Because the two adjacent grooves 120 (120 b) are arranged in a staggered manner, the grooves 120 (120 b) are arranged in a stepped staggered manner, and the two grooves 120 (120 b) are provided with the discontinuities 130 (130 b), so that after the open-pore structure is formed on the laminated material, the discontinuous design on at least one pressing groove formed on the open-pore structure can be ensured, and the deformation probability of the pressing groove can be reduced to a great extent. Moreover, the design of the arc-shaped groove can prolong the ventilation channel, so that the exhaust is thorough, and the probability of generating defective products is reduced.
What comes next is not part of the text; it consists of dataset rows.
lemma Fam_Comp_in_hom:
  assumes "is_category C" "u \<in> Arr (Fam C)" "v \<in> Arr (Fam C)" "Cod (Fam C) u = Dom (Fam C) v"
  shows "Comp (Fam C) v u \<in> hom (Fam C) (Dom (Fam C) u) (Cod (Fam C) v)"
  using assms Fam_ArrD[OF assms(2)] Fam_ArrD[OF assms(3)]
  by (auto simp: Fam_Arr_iff Fam_Comp in_hom PiE_iff cat_simps)

lemma is_category_Fam:
  fixes C :: "('o, 'a) category"
  assumes C: "is_category C"
  shows "is_category (Fam C :: (('i, 'o) fam_obj, ('i, 'o, 'a) fam_arr) category)"
  unfolding is_category_def
proof (intro conjI ballI impI)
  fix X :: "('i, 'o) fam_obj" assume "X \<in> Obj (Fam C)"
  then show "Ident (Fam C) X \<in> hom (Fam C) X X" using Fam_Ident_in_hom C by blast
next
  fix u v w :: "('i, 'o, 'a) fam_arr" assume uvw: "u \<in> Arr (Fam C)" "v \<in> Arr (Fam C)" "w \<in> Arr (Fam C)"
  note u = Fam_ArrD[OF uvw(1)] and v = Fam_ArrD[OF uvw(2)] and w = Fam_ArrD[OF uvw(3)]
  show "Dom (Fam C) u \<in> Obj (Fam C)" "Cod (Fam C) u \<in> Obj (Fam C)" using u by simp_all
  show "Comp (Fam C) v u \<in> hom (Fam C) (Dom (Fam C) u) (Cod (Fam C) v)"
    if "Cod (Fam C) u = Dom (Fam C) v"
    using Fam_Comp_in_hom[OF C uvw(1,2) that] .
  have id: "Ident (Fam C) X \<in> hom (Fam C) X X" if "X \<in> Obj (Fam C)" for X
    using Fam_Ident_in_hom[OF C that] .
  show "Comp (Fam C) (Ident (Fam C) (Cod (Fam C) u)) u = u"
  proof (rule Fam_arr_eqI[OF _ uvw(1)])
    show "Comp (Fam C) (Ident (Fam C) (Cod (Fam C) u)) u \<in> Arr (Fam C)"
      using Fam_Comp_in_hom[OF C uvw(1)] id[OF u(2)] by (simp add: in_hom)
  qed (use u C in \<open>auto simp: in_hom Fam_Comp Fam_Ident PiE_iff cat_simps\<close>)
  show "Comp (Fam C) u (Ident (Fam C) (Dom (Fam C) u)) = u"
  proof (rule Fam_arr_eqI[OF _ uvw(1)])
    show "Comp (Fam C) u (Ident (Fam C) (Dom (Fam C) u)) \<in> Arr (Fam C)"
      using Fam_Comp_in_hom[OF C _ uvw(1)] id[OF u(1)] by (simp add: in_hom)
  qed (use u C in \<open>auto simp: in_hom Fam_Comp Fam_Ident PiE_iff cat_simps\<close>)
  show "Comp (Fam C) w (Comp (Fam C) v u) = Comp (Fam C) (Comp (Fam C) w v) u"
    if uv: "Cod (Fam C) u = Dom (Fam C) v" and vw: "Cod (Fam C) v = Dom (Fam C) w"
  proof (rule Fam_arr_eqI)
    have vu: "Comp (Fam C) v u \<in> hom (Fam C) (Dom (Fam C) u) (Cod (Fam C) v)"
      and wv: "Comp (Fam C) w v \<in> hom (Fam C) (Dom (Fam C) v) (Cod (Fam C) w)"
      using Fam_Comp_in_hom[OF C] uvw uv vw by blast+
    show "Comp (Fam C) w (Comp (Fam C) v u) \<in> Arr (Fam C)"
      using Fam_Comp_in_hom[OF C _ uvw(3)] vu vw by (simp add: in_hom)
    show "Comp (Fam C) (Comp (Fam C) w v) u \<in> Arr (Fam C)"
      using Fam_Comp_in_hom[OF C uvw(1)] wv uv by (simp add: in_hom)
  qed (use u v w uv vw C in \<open>auto simp: in_hom Fam_Comp PiE_iff cat_assoc\<close>)
qed
(* Let $R$ be a commutative ring with identity and $n$ a positive integer. If $R[X]_A$ satisfies the ascending chain condition on $n$-generated ideals, then so does $R$.
   Context: $X$ is an indeterminate over $R$, $A=\{f\in R[X]\mid f(0)=1\}$, and $R[X]_A$ is the localization of $R[X]$ at $A$. An ideal is $n$-generated if it is generated by $n$ elements; a ring satisfies the $n$-ascending chain condition if every ascending chain of $n$-generated ideals stabilizes. *)

theory Defs
  imports "HOL-Computational_Algebra.Polynomial"
begin

definition n_generated_ideal :: "nat \<Rightarrow> 'a::comm_ring_1 set \<Rightarrow> bool" where
  "n_generated_ideal n I \<longleftrightarrow> (\<exists>g::nat \<Rightarrow> 'a. I = {\<Sum>i<n. r i * g i | r. True})"

definition n_acc :: "nat \<Rightarrow> 'a::comm_ring_1 itself \<Rightarrow> bool" where
  "n_acc n _ \<longleftrightarrow>
     (\<forall>I :: nat \<Rightarrow> 'a set. (\<forall>k. n_generated_ideal n (I k)) \<and> (\<forall>k. I k \<subseteq> I (Suc k))
        \<longrightarrow> (\<exists>N. \<forall>m\<ge>N. I m = I N))"

definition locA :: "'a::comm_ring_1 poly set" where
  "locA = {f. poly f 0 = 1}"

lemma locA_mult: "s \<in> locA \<Longrightarrow> t \<in> locA \<Longrightarrow> s * t \<in> locA"
  by (simp add: locA_def)

lemma locA_1: "1 \<in> locA"
  by (simp add: locA_def)

definition locrel :: "'a::comm_ring_1 poly \<times> 'a poly \<Rightarrow> 'a poly \<times> 'a poly \<Rightarrow> bool" where
  "locrel x y \<longleftrightarrow> snd x \<in> locA \<and> snd y \<in> locA \<and>
     (\<exists>u\<in>locA. u * (fst x * snd y - fst y * snd x) = 0)"

lemma locrel_refl: "s \<in> locA \<Longrightarrow> locrel (f, s) (f, s)"
  unfolding locrel_def using locA_1 by auto

lemma locrel_sym: "locrel x y \<Longrightarrow> locrel y x"
  unfolding locrel_def
proof (elim conjE bexE, intro conjI)
  fix u assume "u \<in> locA" "u * (fst x * snd y - fst y * snd x) = 0"
  then show "\<exists>u\<in>locA. u * (fst y * snd x - fst x * snd y) = 0"
    by (intro bexI[of _ u]) (auto simp: algebra_simps)
qed

lemma locrel_trans:
  assumes "locrel x y" "locrel y z" shows "locrel x z"
proof -
  obtain f s g t h r where xyz: "x = (f, s)" "y = (g, t)" "z = (h, r)"
    by (metis prod.collapse)
  from assms obtain u v where u: "u \<in> locA" "u * (f * t - g * s) = 0"
    and v: "v \<in> locA" "v * (g * r - h * t) = 0" and st: "s \<in> locA" "t \<in> locA" "r \<in> locA"
    by (auto simp: locrel_def xyz)
  have "u * v * t * (f * r - h * s) = v * r * (u * (f * t - g * s)) + u * s * (v * (g * r - h * t))"
    by (simp add: algebra_simps)
  also have "\<dots> = 0" using u v by simp
  finally show ?thesis
    using st u v by (auto simp: locrel_def xyz intro!: bexI[of _ "u * v * t"] locA_mult)
qed

lemma part_equivp_locrel: "part_equivp locrel"
proof (rule part_equivpI)
  show "\<exists>x. locrel x x" using locrel_refl[OF locA_1] by blast
  show "symp locrel" by (auto intro: sympI locrel_sym)
  show "transp locrel" by (auto intro: transpI locrel_trans)
qed

quotient_type (overloaded) 'a loc = "'a::comm_ring_1 poly \<times> 'a poly" / partial: locrel
  by (rule part_equivp_locrel)

text \<open>Elements of 'a loc are the fractions f / s with f in R[X] and s in A, i.e. R[X]_A.\<close>

lemma locrel_pairI:
  assumes "s \<in> locA" "t \<in> locA" "u \<in> locA" "u * (f * t - g * s) = 0"
  shows "locrel (f, s) (g, t)"
  using assms unfolding locrel_def by auto

lemma locrel_pairE:
  assumes "locrel (f, s) (g, t)"
  obtains u where "s \<in> locA" "t \<in> locA" "u \<in> locA" "u * (f * t - g * s) = 0"
  using assms unfolding locrel_def by auto

lemma plus_resp:
  assumes "locrel (f, s) (f', s')" "locrel (g, t) (g', t')"
  shows "locrel (f * t + g * s, s * t) (f' * t' + g' * s', s' * t')"
proof -
  from assms obtain u v where u: "u \<in> locA" "u * (f * s' - f' * s) = 0"
    and v: "v \<in> locA" "v * (g * t' - g' * t) = 0"
    and m: "s \<in> locA" "s' \<in> locA" "t \<in> locA" "t' \<in> locA"
    by (metis locrel_pairE)
  have "u * v * ((f * t + g * s) * (s' * t') - (f' * t' + g' * s') * (s * t))
        = v * t * t' * (u * (f * s' - f' * s)) + u * s * s' * (v * (g * t' - g' * t))"
    by (simp add: algebra_simps)
  also have "\<dots> = 0" using u v by simp
  finally show ?thesis
    using u v m by (intro locrel_pairI locA_mult) (auto intro: locA_mult)
qed

lemma times_resp:
  assumes "locrel (f, s) (f', s')" "locrel (g, t) (g', t')"
  shows "locrel (f * g, s * t) (f' * g', s' * t')"
proof -
  from assms obtain u v where u: "u \<in> locA" "u * (f * s' - f' * s) = 0"
    and v: "v \<in> locA" "v * (g * t' - g' * t) = 0"
    and m: "s \<in> locA" "s' \<in> locA" "t \<in> locA" "t' \<in> locA"
    by (metis locrel_pairE)
  have "u * v * ((f * g) * (s' * t') - (f' * g') * (s * t))
        = v * g * t' * (u * (f * s' - f' * s)) + u * f' * s * (v * (g * t' - g' * t))"
    by (simp add: algebra_simps)
  also have "\<dots> = 0" using u v by simp
  finally show ?thesis
    using u v m by (intro locrel_pairI locA_mult) (auto intro: locA_mult)
qed

lemma uminus_resp:
  assumes "locrel (f, s) (f', s')"
  shows "locrel (- f, s) (- f', s')"
proof -
  from assms obtain u where u: "u \<in> locA" "u * (f * s' - f' * s) = 0"
    and m: "s \<in> locA" "s' \<in> locA" by (metis locrel_pairE)
  have "u * (- f * s' - - f' * s) = - (u * (f * s' - f' * s))" by (simp add: algebra_simps)
  then show ?thesis using u m by (intro locrel_pairI) auto
qed

lemma locrel_eqI:
  assumes "s \<in> locA" "t \<in> locA" "f * t = g * s"
  shows "locrel (f, s) (g, t)"
  using assms by (intro locrel_pairI[where u=1]) (auto simp: locA_1)

instantiation loc :: (comm_ring_1) comm_ring_1
begin

lift_definition zero_loc :: "'a loc" is "(0, 1)"
  by (rule locrel_refl[OF locA_1])

lift_definition one_loc :: "'a loc" is "(1, 1)"
  by (rule locrel_refl[OF locA_1])

lift_definition plus_loc :: "'a loc \<Rightarrow> 'a loc \<Rightarrow> 'a loc"
  is "\<lambda>(f, s) (g, t). (f * t + g * s, s * t)"
  by (clarsimp, rule plus_resp)

lift_definition times_loc :: "'a loc \<Rightarrow> 'a loc \<Rightarrow> 'a loc"
  is "\<lambda>(f, s) (g, t). (f * g, s * t)"
  by (clarsimp, rule times_resp)

lift_definition uminus_loc :: "'a loc \<Rightarrow> 'a loc"
  is "\<lambda>(f, s). (- f, s)"
  by (clarsimp, rule uminus_resp)

definition minus_loc :: "'a loc \<Rightarrow> 'a loc \<Rightarrow> 'a loc" where
  "minus_loc x y = x + - y"

instance
proof
  fix a b c :: "'a loc"
  show "a * b * c = a * (b * c)"
    by transfer (auto intro!: locrel_eqI locA_mult simp: locrel_def algebra_simps)
  show "a * b = b * a"
    by transfer (auto intro!: locrel_eqI locA_mult simp: locrel_def algebra_simps)
  show "1 * a = a"
    by transfer (auto intro!: locrel_eqI locA_mult simp: locrel_def algebra_simps)
  show "(a + b) * c = a * c + b * c"
    by transfer (auto intro!: locrel_eqI locA_mult simp: locrel_def algebra_simps)
  show "a + b + c = a + (b + c)"
    by transfer (auto intro!: locrel_eqI locA_mult simp: locrel_def algebra_simps)
  show "a + b = b + a"
    by transfer (auto intro!: locrel_eqI locA_mult simp: locrel_def algebra_simps)
  show "0 + a = a"
    by transfer (auto intro!: locrel_eqI locA_mult simp: locrel_def algebra_simps)
  show "- a + a = 0"
    by transfer (auto intro!: locrel_eqI locA_mult locA_1 simp: locrel_def algebra_simps)
  show "a - b = a + - b"
    by (simp add: minus_loc_def)
  show "(0::'a loc) \<noteq> 1"
    by transfer (auto simp: locrel_def locA_def)
qed

end

end

theory Submission
  imports Defs
begin

text \<open>Evaluation at 0 is a ring homomorphism R[X]_A \<rightarrow> R (every denominator takes the value 1
  at 0) and a left inverse of the constant embedding R \<rightarrow> R[X]_A. For such a retract, every ideal
  of R is the contraction of its extension to R[X]_A, and extending preserves the number of
  generators. So a chain of n-generated ideals of R extends to a chain of n-generated ideals of
  R[X]_A, whose stabilisation forces that of the original chain.\<close>

definition ideal_gen :: "nat \<Rightarrow> (nat \<Rightarrow> 'a::comm_ring_1) \<Rightarrow> 'a set" where
  "ideal_gen n g = {\<Sum>i<n. r i * g i | r. True}"

lemma n_generated_ideal_iff: "n_generated_ideal n I \<longleftrightarrow> (\<exists>g. I = ideal_gen n g)"
  by (simp add: n_generated_ideal_def ideal_gen_def)

lemma ideal_genI: "x = (\<Sum>i<n. r i * g i) \<Longrightarrow> x \<in> ideal_gen n g"
  unfolding ideal_gen_def by blast

lemma ideal_genE:
  assumes "x \<in> ideal_gen n g"
  obtains r where "x = (\<Sum>i<n. r i * g i)"
  using assms unfolding ideal_gen_def by blast

lemma generator_in_ideal_gen:
  assumes "j < n"
  shows "g j \<in> ideal_gen n g"
proof (rule ideal_genI)
  have "(\<Sum>i<n. (if i = j then 1 else 0) * g i) = (\<Sum>i<n. if i = j then g i else 0)"
    by (rule sum.cong) auto
  with assms show "g j = (\<Sum>i<n. (if i = j then 1 else 0) * g i)"
    by simp
qed

lemma ideal_gen_subset:
  assumes "\<And>i. i < n \<Longrightarrow> g i \<in> ideal_gen n h"
  shows "ideal_gen n g \<subseteq> ideal_gen n h"
proof
  fix x assume "x \<in> ideal_gen n g"
  then obtain r where x: "x = (\<Sum>i<n. r i * g i)" by (rule ideal_genE)
  have "\<forall>i. \<exists>c. i < n \<longrightarrow> g i = (\<Sum>j<n. c j * h j)"
    using assms unfolding ideal_gen_def by blast
  then obtain c where c: "\<And>i. i < n \<Longrightarrow> g i = (\<Sum>j<n. c i j * h j)" by metis
  have "x = (\<Sum>i<n. r i * (\<Sum>j<n. c i j * h j))" unfolding x using c by simp
  also have "\<dots> = (\<Sum>j<n. \<Sum>i<n. r i * c i j * h j)"
    by (subst sum.swap) (simp add: sum_distrib_left mult.assoc)
  also have "\<dots> = (\<Sum>j<n. (\<Sum>i<n. r i * c i j) * h j)"
    by (simp add: sum_distrib_right)
  finally show "x \<in> ideal_gen n h" by (rule ideal_genI)
qed

lemma image_ideal_gen:
  fixes f :: "'a::comm_ring_1 \<Rightarrow> 'b::comm_ring_1"
  assumes add: "\<And>x y. f (x + y) = f x + f y" and mult: "\<And>x y. f (x * y) = f x * f y"
    and "x \<in> ideal_gen n g"
  shows "f x \<in> ideal_gen n (f \<circ> g)"
proof -
  obtain r where x: "x = (\<Sum>i<n. r i * g i)" using assms(3) by (rule ideal_genE)
  have "f 0 = 0" using add[of 0 0] by simp
  then have "f x = (\<Sum>i<n. f (r i) * (f \<circ> g) i)"
    unfolding x by (simp add: sum_comp_morphism[symmetric, of f] add mult)
  then show ?thesis by (rule ideal_genI)
qed

lemma n_acc_retract:
  fixes f :: "'a::comm_ring_1 \<Rightarrow> 'b::comm_ring_1" and g :: "'b \<Rightarrow> 'a"
  assumes f_add: "\<And>x y. f (x + y) = f x + f y" and f_mult: "\<And>x y. f (x * y) = f x * f y"
    and g_add: "\<And>x y. g (x + y) = g x + g y" and g_mult: "\<And>x y. g (x * y) = g x * g y"
    and retract: "\<And>x. g (f x) = x"
    and acc: "n_acc n TYPE('b)"
  shows "n_acc n TYPE('a)"
  unfolding n_acc_def
proof (intro allI impI, elim conjE)
  fix I :: "nat \<Rightarrow> 'a set"
  assume gen: "\<forall>k. n_generated_ideal n (I k)" and chain: "\<forall>k. I k \<subseteq> I (Suc k)"
  obtain G where G: "\<And>k. I k = ideal_gen n (G k)"
    using gen unfolding n_generated_ideal_iff by metis
  define J where "J k = ideal_gen n (f \<circ> G k)" for k
  have contraction: "I k = f -` J k" for k
  proof
    show "I k \<subseteq> f -` J k"
      unfolding G J_def using image_ideal_gen[OF f_add f_mult] by blast
    show "f -` J k \<subseteq> I k"
    proof
      fix x assume "x \<in> f -` J k"
      then have "g (f x) \<in> ideal_gen n (g \<circ> (f \<circ> G k))"
        unfolding J_def by (intro image_ideal_gen[OF g_add g_mult]) simp
      then show "x \<in> I k" by (simp add: G retract comp_def)
    qed
  qed
  have "J k \<subseteq> J (Suc k)" for k
    unfolding J_def
  proof (rule ideal_gen_subset)
    fix i assume "i < n"
    then have "G k i \<in> I (Suc k)"
      using generator_in_ideal_gen chain G by blast
    then show "(f \<circ> G k) i \<in> ideal_gen n (f \<circ> G (Suc k))"
      using contraction J_def by auto
  qed
  moreover have "n_generated_ideal n (J k)" for k
    unfolding n_generated_ideal_iff J_def by blast
  ultimately obtain N where "\<forall>m\<ge>N. J m = J N"
    using acc unfolding n_acc_def by blast
  then have "\<forall>m\<ge>N. I m = I N"
    using contraction by metis
  then show "\<exists>N. \<forall>m\<ge>N. I m = I N" ..
qed

lift_definition loc_const :: "'a::comm_ring_1 \<Rightarrow> 'a loc" is "\<lambda>a. ([:a:], 1)"
  by (rule locrel_refl[OF locA_1])

lift_definition loc_eval_0 :: "'a::comm_ring_1 loc \<Rightarrow> 'a" is "\<lambda>(f, s). poly f 0"
proof (clarify elim!: locrel_pairE)
  fix f s g t u :: "'a poly"
  assume denominators: "s \<in> locA" "t \<in> locA" "u \<in> locA"
    and "u * (f * t - g * s) = 0"
  from denominators have "poly f 0 - poly g 0 = poly (u * (f * t - g * s)) 0"
    by (simp add: locA_def)
  also have "\<dots> = 0"
    using \<open>u * (f * t - g * s) = 0\<close> by simp
  finally show "poly f 0 = poly g 0"
    by simp
qed

lemma loc_const_add: "loc_const (a + b) = loc_const a + loc_const b"
  by transfer (auto intro!: locrel_eqI simp: locA_1)

lemma loc_const_mult: "loc_const (a * b) = loc_const a * loc_const b"
  by transfer (auto intro!: locrel_eqI simp: locA_1)

lemma loc_eval_0_add: "loc_eval_0 (x + y) = loc_eval_0 x + loc_eval_0 y"
  by transfer (auto simp: locrel_def locA_def)

lemma loc_eval_0_mult: "loc_eval_0 (x * y) = loc_eval_0 x * loc_eval_0 y"
  by transfer (auto simp: locrel_def locA_def)

lemma loc_eval_0_loc_const: "loc_eval_0 (loc_const a) = a"
  by transfer simp

theorem mainTheorem4:
  fixes n :: nat
  assumes "n > 0"
    and "n_acc n TYPE('a::comm_ring_1 loc)"
  shows "n_acc n TYPE('a)"
  using loc_const_add loc_const_mult loc_eval_0_add loc_eval_0_mult loc_eval_0_loc_const assms(2)
  by (rule n_acc_retract)

end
In another example, referring to fig. 5, fig. 5 is an enlarged view of a portion of another embodiment of the groove of fig. 2. Specifically, the side walls (not shown) of the groove 120c are arranged in a straight line shape. Because the two adjacent grooves 120c are arranged in a staggered manner, the grooves 120c are arranged in a stepped staggered manner, and the gaps 130c are arranged between the two grooves 120c, so that after the open-pore structure is formed on the laminated material, the intermittent design on at least one pressing groove formed on the open-pore structure can be ensured, and the deformation probability of the pressing groove can be reduced to a great extent. Further, in the present embodiment, the plurality of grooves 120c includes a first symmetry axis 16 therebetween, and a first distance d between two adjacent grooves 120c located on both sides of the first symmetry axis 16 ₂ Greater than a second distance d between two adjacent grooves 120c at the remaining positions ₃ . Specifically, in the present embodiment, the plurality of grooves 120c are symmetrical about the first symmetry axis 16. Alternatively, in the present embodiment, a first distance d between two adjacent grooves 120c on either side of the first axis of symmetry 16 ₂ Is 2mm-3mm, for example, 2mm, 2.2mm, 2.4mm, 2.6mm, 2.8mm, 3mm, etc., and is not limited herein. In the present embodiment, the second distance d between the adjacent two grooves 120c at the remaining positions ₃ Is 1mm-2.2mm, e.g., 1mm, 1.2mm, 1.4mm, 1.6mm, 1.8mm, 2mm, 2.2mm, etc., and is not limited herein.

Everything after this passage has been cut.